Exercise details →
Would you reproduce, without any alteration, the lines from the opening line of the entries through the line that has "text \<open>The generating" in it?

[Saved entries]
##############################
(* For all $k,m\in\mathbb{N}$, \[ Q(1,2k+1;2)=0\qquad\text{and}\qquad Q(m+1,2k-1;2)=0. \]
   Context: $s(n,k)$ ($n\ge k\ge 0$) denotes the signed Stirling numbers of the first kind, defined by $\frac{[\ln(1+x)]^k}{k!}=\sum_{n=k}^\infty s(n,k)\frac{x^n}{n!}$ for $|x|<1$; equivalently $\prod_{j=0}^{n-1}(z-j)=\sum_{k=0}^n s(n,k)z^k$. For $m\in\mathbb{N}$, $k\in\mathbb{N}_0$ and $\alpha\in\mathbb{R}$ define \[ Q(m,k;\alpha)=\sum_{\ell=0}^{k}\binom{m+\ell-1}{m-1}\, s(m+k-1,m+\ell-1)\left(\frac{m+k-\alpha}{2}\right)^{\ell}, \] with the convention $0^0=1$. *)

theory Defs
  imports Complex_Main "HOL-Combinatorics.Stirling"
begin

definition sstirling :: "nat \<Rightarrow> nat \<Rightarrow> int" where
  "sstirling n k = (-1) ^ (n + k) * int (stirling n k)"

definition Q :: "nat \<Rightarrow> nat \<Rightarrow> real \<Rightarrow> real" where
  "Q m k \<alpha> = (\<Sum>l = 0..k. real ((m + l - 1) choose (m - 1))
       * real_of_int (sstirling (m + k - 1) (m + l - 1))
       * ((real (m + k) - \<alpha>) / 2) ^ l)"

end

theory Submission
  imports Defs
begin

text \<open>The generating polynomial \<open>G(z) = \<Sum>\<^sub>j s(n,j) z\<^sup>j = z(z-1)\<cdots>(z-n+1)\<close> has its roots
  \<open>0, \<dots>, n-1\<close> placed symmetrically about \<open>c = (n-1)/2\<close>, so \<open>G(c+t) = (-1)\<^sup>n G(c-t)\<close>.
  Hence the Taylor coefficient of \<open>G\<close> at \<open>c\<close> in degree \<open>i\<close> vanishes whenever \<open>n + i\<close> is odd.
  Since \<open>(m + 1 + k - 2)/2 = c\<close> for \<open>n = m + k\<close>, the sum \<open>Q(m+1,k;2)\<close> is exactly the
  Taylor coefficient of degree \<open>m\<close>, and \<open>n + m = 2m + k\<close> is odd for odd \<open>k\<close>.\<close>

lemma sum_sstirling_power_eq_pochhammer:
  fixes z :: "'a :: comm_ring_1"
  shows "(\<Sum>j\<le>n. of_int (sstirling n j) * z ^ j) = (-1) ^ n * pochhammer (-z) n"
proof -
  have "(\<Sum>j\<le>n. of_int (sstirling n j) * z ^ j)
      = (\<Sum>j\<le>n. (-1) ^ n * (of_nat (stirling n j) * (-z) ^ j))"
    by (rule sum.cong) (simp_all add: sstirling_def power_add power_minus[of z])
  also have "\<dots> = (-1) ^ n * pochhammer (-z) n"
    by (simp add: sum_distrib_left[symmetric] stirling_pochhammer)
  finally show ?thesis .
qed

lemma sum_sstirling_power_reflect:
  fixes c t :: "'a :: field_char_0"
  assumes "c = (of_nat n - 1) / 2"
  shows "(\<Sum>j\<le>n. of_int (sstirling n j) * (c + t) ^ j)
       = (-1) ^ n * (\<Sum>j\<le>n. of_int (sstirling n j) * (c - t) ^ j)"
proof -
  have "pochhammer (-(c + t)) n = (-1) ^ n * pochhammer (c + t - of_nat n + 1) n"
    by (rule pochhammer_minus)
  also have "c + t - of_nat n + 1 = -(c - t)"
    using assms by (simp add: field_simps)
  finally show ?thesis
    by (simp add: sum_sstirling_power_eq_pochhammer power_mult_distrib[symmetric])
qed

lemma sum_power_shift_expand:
  fixes c t :: "'a :: comm_semiring_1"
  shows "(\<Sum>j\<le>n. a j * (c + t) ^ j)
       = (\<Sum>i\<le>n. (\<Sum>j\<le>n. a j * of_nat (j choose i) * c ^ (j - i)) * t ^ i)"
proof -
  have binomial: "(c + t) ^ j = (\<Sum>i\<le>n. of_nat (j choose i) * c ^ (j - i) * t ^ i)"
    if "j \<le> n" for j
  proof -
    have "(c + t) ^ j = (\<Sum>i\<le>j. of_nat (j choose i) * t ^ i * c ^ (j - i))"
      by (subst add.commute) (rule binomial_ring)
    also have "\<dots> = (\<Sum>i\<le>n. of_nat (j choose i) * c ^ (j - i) * t ^ i)"
      by (rule sum.mono_neutral_cong_left) (use that in \<open>simp_all add: mult_ac binomial_eq_0\<close>)
    finally show ?thesis .
  qed
  have "(\<Sum>j\<le>n. a j * (c + t) ^ j)
      = (\<Sum>j\<le>n. \<Sum>i\<le>n. a j * (of_nat (j choose i) * c ^ (j - i) * t ^ i))"
    by (rule sum.cong) (simp_all add: binomial sum_distrib_left)
  also have "\<dots> = (\<Sum>i\<le>n. \<Sum>j\<le>n. a j * (of_nat (j choose i) * c ^ (j - i) * t ^ i))"
    by (rule sum.swap)
  also have "\<dots> = (\<Sum>i\<le>n. (\<Sum>j\<le>n. a j * of_nat (j choose i) * c ^ (j - i)) * t ^ i)"
    by (simp add: sum_distrib_right mult.assoc)
  finally show ?thesis .
qed

lemma polyfun_parity_coeff_eq_0:
  fixes d :: "nat \<Rightarrow> real"
  assumes parity: "\<And>t. (\<Sum>i\<le>n. d i * t ^ i) = (-1) ^ p * (\<Sum>i\<le>n. d i * (-t) ^ i)"
    and "odd (p + i)" "i \<le> n"
  shows "d i = 0"
proof -
  have "(\<Sum>i\<le>n. (d i - (-1) ^ (p + i) * d i) * t ^ i) = 0" for t :: real
  proof -
    have "(-1) ^ p * (\<Sum>i\<le>n. d i * (-t) ^ i) = (\<Sum>i\<le>n. (-1) ^ (p + i) * d i * t ^ i)"
      by (simp add: sum_distrib_left power_add power_minus[of t] mult_ac)
    with parity[of t] show ?thesis
      by (simp add: left_diff_distrib sum_subtractf)
  qed
  then have "d i - (-1) ^ (p + i) * d i = 0"
    using \<open>i \<le> n\<close> polyfun_eq_0[of "\<lambda>i. d i - (-1) ^ (p + i) * d i" n] by blast
  with \<open>odd (p + i)\<close> show ?thesis by simp
qed

lemma sstirling_taylor_coeff_eq_0:
  assumes "c = (real n - 1) / 2" and "odd (n + i)" and "i \<le> n"
  shows "(\<Sum>j\<le>n. of_int (sstirling n j) * real (j choose i) * c ^ (j - i)) = 0"
proof (rule polyfun_parity_coeff_eq_0[where p = n and
    d = "\<lambda>i. \<Sum>j\<le>n. of_int (sstirling n j) * real (j choose i) * c ^ (j - i)"])
  fix t :: real
  show "(\<Sum>i\<le>n. (\<Sum>j\<le>n. of_int (sstirling n j) * real (j choose i) * c ^ (j - i)) * t ^ i)
      = (-1) ^ n * (\<Sum>i\<le>n. (\<Sum>j\<le>n. of_int (sstirling n j) * real (j choose i) * c ^ (j - i)) * (-t) ^ i)"
    using sum_sstirling_power_reflect[OF assms(1), of t]
    by (simp only: sum_power_shift_expand[symmetric] diff_conv_add_uminus)
qed (use assms in auto)

lemma Q_Suc_eq_sstirling_taylor_coeff:
  "Q (m + 1) k 2 = (\<Sum>j\<le>m + k. of_int (sstirling (m + k) j) * real (j choose m)
                        * ((real (m + k) - 1) / 2) ^ (j - m))"
  (is "_ = (\<Sum>j\<le>m + k. ?f j)")
proof -
  have "Q (m + 1) k 2 = (\<Sum>l = 0..k. ?f (l + m))"
    unfolding Q_def by (rule sum.cong) (simp_all add: algebra_simps)
  also have "\<dots> = (\<Sum>j = m..m + k. ?f j)"
    using sum.shift_bounds_cl_nat_ivl[of ?f 0 m k] by (simp add: add.commute)
  also have "\<dots> = (\<Sum>j\<le>m + k. ?f j)"
    by (rule sum.mono_neutral_left) auto
  finally show ?thesis .
qed

lemma Q_Suc_odd_eq_0:
  assumes "odd k"
  shows "Q (m + 1) k 2 = 0"
  unfolding Q_Suc_eq_sstirling_taylor_coeff
  by (rule sstirling_taylor_coeff_eq_0) (use assms in auto)

theorem corollary2p2:
  fixes k m :: nat
  assumes "k \<ge> 1" and "m \<ge> 1"
  shows "Q 1 (2 * k + 1) 2 = 0 \<and> Q (m + 1) (2 * k - 1) 2 = 0"
proof
  show "Q 1 (2 * k + 1) 2 = 0"
    using Q_Suc_odd_eq_0[of "2 * k + 1" 0] by simp
  show "Q (m + 1) (2 * k - 1) 2 = 0"
    using Q_Suc_odd_eq_0[of "2 * k - 1" m] \<open>k \<ge> 1\<close> by simp
qed

end
(* Let $\Lambda\subset\mathbb Z^{2n+1}$ be a subgroup of rank at most $n-1$ with basis matrix $M(\Lambda)=(A\,|\,B\,|\,c)$, and let $V(\Lambda)$ be the associated variety of gluing equation type. Suppose $d=(d_1,\ldots,d_n)$ is a degeneration vector that is totally positive, i.e. $d_i>0$ for all $i$. If $A$ has rank $n-1$, then $d$ is genuine.
   Context: Let $\mathbb C^{*\bullet}=\mathbb C\setminus\{0,1\}$. For a subgroup $\Lambda\subset\mathbb Z^{2n+1}$, $V(\Lambda)\subset(\mathbb C^{*\bullet})^n$ is the set of points $(z_1,\ldots,z_n)$ with $z_1^{a_1}\cdots z_n^{a_n}(1-z_1)^{b_1}\cdots(1-z_n)^{b_n}=(-1)^c$ for all $(a_1,\ldots,a_n,b_1,\ldots,b_n,c)\in\Lambda$; when $\mathrm{rank}\,\Lambda\le n-1$ it is called a variety of gluing equation type. $M(\Lambda)$ is a matrix whose rows form a $\mathbb Z$-basis of $\Lambda$, written as $(A|B|c)$ with $A,B$ of size $r\times n$ and $c$ a column. Let $\overline V$ be the closure of $V(\Lambda)$ in $(\mathbb C\setminus\{1\})^n$; points of $\overline V\setminus V$ are ideal points. A degeneration vector is a nonzero $d\in\ker(A)\cap(\mathbb Z_{\ge0})^n$. It is genuine if there is an ideal point $p$ and a holomorphic map $f$ from the open unit disc, $f:(\mathbb D,0)\to(\overline V,p)$ with $f(\mathbb D\setminus\{0\})\subset V(\Lambda)$, whose coordinates have the form $z_i=t^{d_i}u_i(t)$ with $u_i$ holomorphic, $u_i(0)\ne0$, and $u_i(0)\neq 1$ whenever $d_i=0$. *)

theory Defs
  imports "HOL-Analysis.Analysis" "Jordan_Normal_Form.DL_Rank"
begin
(* Let $B\in\mathbb{C}^{n\times k}$ with $k\le n$ and $\operatorname{rank}(B)=k$, and let $P_*=B(B^{\mathrm{H}}B)^{-1/2}$ be the unique orthonormal polar factor of $B$. Given $P\in\mathbb{C}^{n\times k}$ with $P^{\mathrm{H}}P=I_k$, let $$\eta=\|B\|_{\mathrm{tr}}-\operatorname{Re}(\operatorname{tr}(P^{\mathrm{H}}B)),\qquad \epsilon=\sqrt{\frac{2\eta}{\sigma_{\min}(B)}}.$$ Then: (a) $$\frac{\|B-P(P^{\mathrm{H}}B)\|_{\mathrm{F}}}{\|B\|_2}\le\|\sin\Theta({\cal R}(P),{\cal R}(P_* ))\|_{\mathrm{F}}\le\epsilon;$$ (b) if $P^{\mathrm{H}}B$ is Hermitian positive definite, then $$\|P-P_*\|_{\mathrm{F}}\le\left(1+\frac{2\|B\|_2}{\sigma_{\min}(B)+\sigma_{\min}(P^{\mathrm{H}}B)}\right)\epsilon;$$ (c) if ${\cal R}(P)={\cal R}(P_* )$, then $\|P-P_*\|_{\mathrm{F}}\le\epsilon$.
   Context: For a matrix $X$, $X^{\mathrm{H}}$ is its conjugate transpose, ${\cal R}(X)$ its column space, $\|X\|_2$ its largest singular value, $\|X\|_{\mathrm{F}}=\sqrt{\operatorname{tr}(X^{\mathrm{H}}X)}$ its Frobenius norm. For $B\in\mathbb{C}^{n\times k}$ with singular values $\sigma_1(B)\ge\cdots\ge\sigma_k(B)$, $\sigma_{\min}(B)=\sigma_k(B)$ and $\|B\|_{\mathrm{tr}}=\sum_{i=1}^k\sigma_i(B)$ (trace/nuclear norm); $\operatorname{Re}$ denotes the real part. A polar decomposition of $B$ is $B=P\Lambda$ with $P^{\mathrm{H}}P=I_k$ and $\Lambda\succeq0$; $P$ is an orthonormal polar factor. For two $k$-dimensional subspaces ${\cal X}={\cal R}(X)$, ${\cal Y}={\cal R}(Y)$ of $\mathbb{C}^n$ with $X,Y$ having orthonormal columns, the canonical angles are $\theta_i=\arccos\sigma_i(X^{\mathrm{H}}Y)\in[0,\pi/2]$, $i=1,\dots,k$; $\Theta({\cal X},{\cal Y})=\operatorname{diag}(\theta_1,\dots,\theta_k)$ and $\|\sin\Theta({\cal X},{\cal Y})\|_{\mathrm{F}}=\big(\sum_{i=1}^k\sin^2\theta_i\big)^{1/2}$. *)

theory Defs
  imports "HOL-Analysis.Analysis" "HOL-Library.Multiset"
begin
(* Let $M=(m_{ij})$ be an $n\times n$ homogeneous, well-ordered integer matrix of degree $d$, and let $M'$ be the $(n-1)\times n$ matrix obtained from $M$ by erasing the first row. Assume there exists a zero-dimensional subscheme $Z\subset\mathbb{P}^2$ having a degree Hilbert-Burch matrix equal to $M'$. Then the Hilbert function of $Z$ in degree $d-1$ equals the degree of $Z$.
   Context: A matrix of integers is homogeneous if every $2\times2$ submatrix $\begin{pmatrix} a&b\\ c&e\end{pmatrix}$ satisfies $a+e=b+c$; the degree of a square homogeneous matrix is $\sum_i m_{i\sigma(i)}$, independent of $\sigma$. Well-ordered: for $i'>i$, $j'>j$, $m_{i'j}\le m_{ij}$ and $m_{ij'}\ge m_{ij}$. For a zero-dimensional subscheme $Z\subset\mathbb{P}^2$, a degree Hilbert-Burch (dHB) matrix of $Z$ is the integer matrix $(b_i-a_j)$ arising from a (not necessarily minimal) free resolution $0\to\bigoplus_{i=1}^{n-1}\mathcal{O}(-b_i)\xrightarrow{A}\bigoplus_{j=1}^{n}\mathcal{O}(-a_j)\to\mathcal{I}_Z\to0$, where $A=(f_{ij})$ has $\deg f_{ij}=b_i-a_j$, $b_1\ge\dots\ge b_{n-1}$, $a_1\ge\dots\ge a_n$. The Hilbert function of $Z$ is $Hf_Z(t)=\dim_{\mathbb{C}}(\mathbb{C}[x_0,x_1,x_2]/I_Z)_t$, $I_Z$ the homogeneous ideal of $Z$. *)

theory Defs
  imports Complex_Main "HOL-Library.Poly_Mapping" "HOL-Library.Product_Plus"
begin

text \<open>The homogeneous coordinate ring S = C[x0,x1,x2]: a monomial x0^a x1^b x2^c is the
  exponent triple (a,b,c); a polynomial is a finitely supported map from exponents to C.\<close>

type_synonym mono3 = "nat \<times> nat \<times> nat"
type_synonym poly3 = "mono3 \<Rightarrow>\<^sub>0 complex"

definition mdeg :: "mono3 \<Rightarrow> nat" where
  "mdeg m = fst m + fst (snd m) + snd (snd m)"

definition sc :: "complex \<Rightarrow> poly3 \<Rightarrow> poly3" where
  "sc c p = Poly_Mapping.single (0::mono3) c * p"

text \<open>p is homogeneous of (integer) degree d; the zero polynomial is homogeneous of every
  degree, and only 0 is homogeneous of negative degree.\<close>
definition hom :: "poly3 \<Rightarrow> int \<Rightarrow> bool" where
  "hom p d \<longleftrightarrow> (\<forall>m\<in>Poly_Mapping.keys p. int (mdeg m) = d)"

definition var :: "nat \<Rightarrow> poly3" where
  "var i = Poly_Mapping.single (if i = 0 then (1,0,0) else if i = 1 then (0,1,0) else (0,0,1)) 1"

definition hcomp :: "poly3 \<Rightarrow> nat \<Rightarrow> poly3" where
  "hcomp p t = (\<Sum>m\<in>{m\<in>Poly_Mapping.keys p. mdeg m = t}. Poly_Mapping.single m (Poly_Mapping.lookup p m))"

definition is_ideal :: "poly3 set \<Rightarrow> bool" where
  "is_ideal I \<longleftrightarrow> 0 \<in> I \<and> (\<forall>p\<in>I. \<forall>q\<in>I. p + q \<in> I) \<and> (\<forall>p\<in>I. \<forall>r. r * p \<in> I)"

definition homogeneous_ideal :: "poly3 set \<Rightarrow> bool" where
  "homogeneous_ideal I \<longleftrightarrow> is_ideal I \<and> (\<forall>p\<in>I. \<forall>t. hcomp p t \<in> I)"

definition saturated :: "poly3 set \<Rightarrow> bool" where
  "saturated I \<longleftrightarrow> (\<forall>f. (\<exists>k. \<forall>i<3. var i ^ k * f \<in> I) \<longrightarrow> f \<in> I)"

definition cdim :: "poly3 set \<Rightarrow> nat" where
  "cdim V = vector_space.dim sc V"

definition hilb :: "poly3 set \<Rightarrow> int \<Rightarrow> nat" where
  "hilb I t = (if t < 0 then 0 else cdim {p. hom p t} - cdim {p \<in> I. hom p t})"

text \<open>I is the homogeneous ideal I_Z of a zero-dimensional subscheme Z of P^2:
  a proper saturated homogeneous ideal whose Hilbert function is eventually constant.\<close>
definition zero_dim_ideal :: "poly3 set \<Rightarrow> bool" where
  "zero_dim_ideal I \<longleftrightarrow> homogeneous_ideal I \<and> saturated I \<and> I \<noteq> UNIV \<and>
     (\<exists>e t0. \<forall>t\<ge>t0. hilb I t = e)"

definition scheme_degree :: "poly3 set \<Rightarrow> nat" where
  "scheme_degree I = (THE e. \<exists>t0. \<forall>t\<ge>t0. hilb I t = e)"

text \<open>N (r rows, c columns, 0-indexed) is a degree Hilbert-Burch matrix of the scheme with
  ideal I: there is a (not necessarily minimal) graded free resolution
  0 -> (+)_i S(-b_i) --A--> (+)_j S(-a_j) --g--> I -> 0 with A = (f i j),
  deg f i j = b i - a j, deg g j = a j, b and a non-increasing, and N i j = b i - a j.\<close>
definition dHB :: "poly3 set \<Rightarrow> (nat \<Rightarrow> nat \<Rightarrow> int) \<Rightarrow> nat \<Rightarrow> nat \<Rightarrow> bool" where
  "dHB I N r c \<longleftrightarrow> (\<exists>(a::nat \<Rightarrow> int) (b::nat \<Rightarrow> int) (f::nat \<Rightarrow> nat \<Rightarrow> poly3) (g::nat \<Rightarrow> poly3).
     (\<forall>i j. i \<le> j \<longrightarrow> j < r \<longrightarrow> b j \<le> b i) \<and>
     (\<forall>i j. i \<le> j \<longrightarrow> j < c \<longrightarrow> a j \<le> a i) \<and>
     (\<forall>i<r. \<forall>j<c. N i j = b i - a j) \<and>
     (\<forall>j<c. hom (g j) (a j)) \<and>
     (\<forall>i<r. \<forall>j<c. hom (f i j) (b i - a j)) \<and>
     I = {(\<Sum>j<c. h j * g j) | h. True} \<and>
     (\<forall>h. (\<Sum>j<c. h j * g j) = 0 \<longrightarrow> (\<exists>u. \<forall>j<c. h j = (\<Sum>i<r. u i * f i j))) \<and>
     (\<forall>u. (\<forall>j<c. (\<Sum>i<r. u i * f i j) = 0) \<longrightarrow> (\<forall>i<r. u i = 0)))"

text \<open>Matrices: n x n integer matrices as functions, indices 0..n-1.\<close>
definition homogeneous_matrix :: "(nat \<Rightarrow> nat \<Rightarrow> int) \<Rightarrow> nat \<Rightarrow> bool" where
  "homogeneous_matrix M n \<longleftrightarrow> (\<forall>i i' j j'. i < i' \<longrightarrow> i' < n \<longrightarrow> j < j' \<longrightarrow> j' < n \<longrightarrow>
      M i j + M i' j' = M i j' + M i' j)"

definition well_ordered :: "(nat \<Rightarrow> nat \<Rightarrow> int) \<Rightarrow> nat \<Rightarrow> bool" where
  "well_ordered M n \<longleftrightarrow> (\<forall>i i' j j'. i < i' \<longrightarrow> i' < n \<longrightarrow> j < j' \<longrightarrow> j' < n \<longrightarrow>
      M i' j \<le> M i j \<and> M i j' \<ge> M i j)"

text \<open>Degree of a square homogeneous matrix: sum over any permutation; we use the identity.\<close>
definition matrix_degree :: "(nat \<Rightarrow> nat \<Rightarrow> int) \<Rightarrow> nat \<Rightarrow> int" where
  "matrix_degree M n = (\<Sum>i<n. M i i)"

end

theory Submission
  imports Defs "HOL-Library.Function_Algebras"
begin

text \<open>A graded free resolution
  \<open>0 \<rightarrow> \<Oplus>\<^sub>i S(-b\<^sub>i) \<rightarrow> \<Oplus>\<^sub>j S(-a\<^sub>j) \<rightarrow> I \<rightarrow> 0\<close> with \<open>n\<close> generators and \<open>n - 1\<close>
  syzygies computes \<open>dim I\<^sub>t\<close> by counting monomials. As soon as all \<open>a\<^sub>j, b\<^sub>i \<le> t + 2\<close>
  this gives \<open>2 HF(t) = (2t + 3)(\<Sum>a\<^sub>j - \<Sum>b\<^sub>i) + \<Sum>b\<^sub>i\<^sup>2 - \<Sum>a\<^sub>j\<^sup>2\<close>. Since the Hilbert function
  of a zero-dimensional scheme is eventually constant, \<open>\<Sum>a\<^sub>j = \<Sum>b\<^sub>i\<close>, and then \<open>HF(t)\<close>
  equals the degree for every such \<open>t\<close>. Expanding the matrix degree along the diagonal and
  using \<open>\<Sum>a\<^sub>j = \<Sum>b\<^sub>i\<close> gives \<open>d = m\<^sub>0\<^sub>0 + a\<^sub>0\<close>, and well-orderedness gives
  \<open>b\<^sub>0 - a\<^sub>0 = m\<^sub>1\<^sub>0 \<le> m\<^sub>0\<^sub>0\<close>, so \<open>b\<^sub>0 \<le> d\<close> and \<open>t = d - 1\<close> is in range. The degenerate shapes
  (a unit or zero generator, one generator, \<open>b\<^sub>0 < a\<^sub>0\<close>) all make the ideal principal,
  whose Hilbert function grows linearly.\<close>

section \<open>Dimension counting in infinite-dimensional spaces\<close>

context Vector_Spaces.linear begin

lemma span_inter_span_eq_0:
  assumes C: "vs1.independent (B \<union> D)" "B \<inter> D = {}" "finite (B \<union> D)"
    and x: "x \<in> vs1.span B" "x \<in> vs1.span D"
  shows "x = 0"
proof -
  have fB: "finite B" "finite D" using C by auto
  obtain u where u: "x = (\<Sum>v\<in>B. s1 (u v) v)" using x(1) vs1.span_finite[OF fB(1)] by auto
  obtain w where w: "x = (\<Sum>v\<in>D. s1 (w v) v)" using x(2) vs1.span_finite[OF fB(2)] by auto
  define c where "c v = (if v \<in> B then u v else - w v)" for v
  have "(\<Sum>v\<in>B \<union> D. s1 (c v) v) = (\<Sum>v\<in>B. s1 (c v) v) + (\<Sum>v\<in>D. s1 (c v) v)"
    using C fB by (simp add: sum.union_disjoint)
  also have "(\<Sum>v\<in>B. s1 (c v) v) = x" using u by (simp add: c_def)
  also have "(\<Sum>v\<in>D. s1 (c v) v) = (\<Sum>v\<in>D. - s1 (w v) v)" using C(2)
    by (intro sum.cong) (auto simp: c_def vs1.scale_minus_left)
  also have "\<dots> = - x" using w by (simp add: sum_negf)
  finally have "(\<Sum>v\<in>B \<union> D. s1 (c v) v) = 0" by simp
  then have "\<forall>v\<in>B. c v = 0"
    using C(1) vs1.dependent_finite[OF C(3)] by blast
  then show ?thesis using u by (simp add: c_def)
qed

lemma dim_image_eq_inj_on:
  assumes "vs1.subspace W" "inj_on f W"
  shows "vs2.dim (f ` W) = vs1.dim W"
proof -
  obtain B where B: "B \<subseteq> W" "vs1.independent B" "W \<subseteq> vs1.span B" "card B = vs1.dim W"
    using vs1.basis_exists by blast
  have "vs1.span B \<subseteq> W" using B(1) assms(1) vs1.span_minimal by blast
  then have ind: "vs2.independent (f ` B)"
    using B(2) assms(2) inj_on_subset independent_injective_image by blast
  have "vs2.dim (f ` W) = card (f ` B)"
    using B(1) spans_image[OF B(3)] by (intro vs2.dim_unique[OF _ _ ind refl]) auto
  also have "\<dots> = card B" using card_image assms(2) B(1) inj_on_subset by blast
  finally show ?thesis using B by simp
qed

text \<open>Rank--nullity for a finite-dimensional subspace of a possibly infinite-dimensional
  space (the library version assumes the whole space finite-dimensional).\<close>

lemma rank_nullity_finite_span:
  assumes V: "vs1.subspace V" "V \<subseteq> vs1.span F" "finite F"
  shows "vs1.dim V = vs1.dim {x\<in>V. f x = 0} + vs2.dim (f ` V)"
proof -
  let ?N = "{x\<in>V. f x = 0}"
  obtain B where B: "B \<subseteq> ?N" "vs1.independent B" "?N \<subseteq> vs1.span B" "card B = vs1.dim ?N"
    using vs1.basis_exists by blast
  obtain C where C: "B \<subseteq> C" "C \<subseteq> V" "vs1.independent C" "V \<subseteq> vs1.span C"
    using vs1.maximal_independent_subset_extend[OF _ B(2), of V] B(1) by blast
  have fC: "finite C" using vs1.independent_span_bound[OF V(3) C(3)] C(2) V(2) by auto
  have dV: "vs1.dim V = card C" using vs1.basis_card_eq_dim[OF C(2) C(4) C(3)] by simp
  define D where "D = C - B"
  have CBD: "C = B \<union> D" "B \<inter> D = {}" using C(1) by (auto simp: D_def)
  have spD: "vs1.span D \<subseteq> V" by (rule vs1.span_minimal) (use C(2) V(1) in \<open>auto simp: D_def\<close>)
  have inj: "inj_on f (vs1.span D)"
    unfolding inj_on_iff_eq_0[OF vs1.subspace_span]
  proof (intro ballI impI)
    fix x assume x: "x \<in> vs1.span D" "f x = 0"
    then have "x \<in> vs1.span B" using spD B(3) by blast
    then show "x = 0" using span_inter_span_eq_0[of B D x] CBD C(3) fC x by simp
  qed
  have ind: "vs2.independent (f ` D)"
    by (rule independent_injective_image[OF _ inj]) (rule vs1.independent_mono[OF C(3)], auto simp: D_def)
  have fspan: "f ` V \<subseteq> vs2.span (f ` D)"
  proof
    fix y assume "y \<in> f ` V"
    then obtain x where x: "x \<in> V" "y = f x" by blast
    then have "x \<in> vs1.span (B \<union> D)" using C(4) CBD(1) by blast
    then obtain u v where uv: "x = u + v" "u \<in> vs1.span B" "v \<in> vs1.span D"
      using vs1.span_Un by blast
    have "f u = 0" using B(1) by (intro eq_0_on_span[OF _ uv(2)]) auto
    then have "y = f v" using uv x by (simp add: add)
    then show "y \<in> vs2.span (f ` D)" using uv(3) span_image by auto
  qed
  have "vs2.dim (f ` V) = card (f ` D)"
    using C(2) by (intro vs2.dim_unique[OF _ fspan ind refl]) (auto simp: D_def)
  also have "\<dots> = card D" using inj_on_subset[OF inj vs1.span_superset] by (rule card_image)
  finally show ?thesis using dV B(4) CBD fC by (simp add: card_Un_disjoint)
qed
##############################
The answer →
(* For all $k,m\in\mathbb{N}$, \[ Q(1,2k+1;2)=0\qquad\text{and}\qquad Q(m+1,2k-1;2)=0. \]
   Context: $s(n,k)$ ($n\ge k\ge 0$) denotes the signed Stirling numbers of the first kind, defined by $\frac{[\ln(1+x)]^k}{k!}=\sum_{n=k}^\infty s(n,k)\frac{x^n}{n!}$ for $|x|<1$; equivalently $\prod_{j=0}^{n-1}(z-j)=\sum_{k=0}^n s(n,k)z^k$. For $m\in\mathbb{N}$, $k\in\mathbb{N}_0$ and $\alpha\in\mathbb{R}$ define \[ Q(m,k;\alpha)=\sum_{\ell=0}^{k}\binom{m+\ell-1}{m-1}\, s(m+k-1,m+\ell-1)\left(\frac{m+k-\alpha}{2}\right)^{\ell}, \] with the convention $0^0=1$. *)

theory Defs
  imports Complex_Main "HOL-Combinatorics.Stirling"
begin

definition sstirling :: "nat \<Rightarrow> nat \<Rightarrow> int" where
  "sstirling n k = (-1) ^ (n + k) * int (stirling n k)"

definition Q :: "nat \<Rightarrow> nat \<Rightarrow> real \<Rightarrow> real" where
  "Q m k \<alpha> = (\<Sum>l = 0..k. real ((m + l - 1) choose (m - 1))
       * real_of_int (sstirling (m + k - 1) (m + l - 1))
       * ((real (m + k) - \<alpha>) / 2) ^ l)"

end

theory Submission
  imports Defs
begin

text \<open>The generating polynomial \<open>G(z) = \<Sum>\<^sub>j s(n,j) z\<^sup>j = z(z-1)\<cdots>(z-n+1)\<close> has its roots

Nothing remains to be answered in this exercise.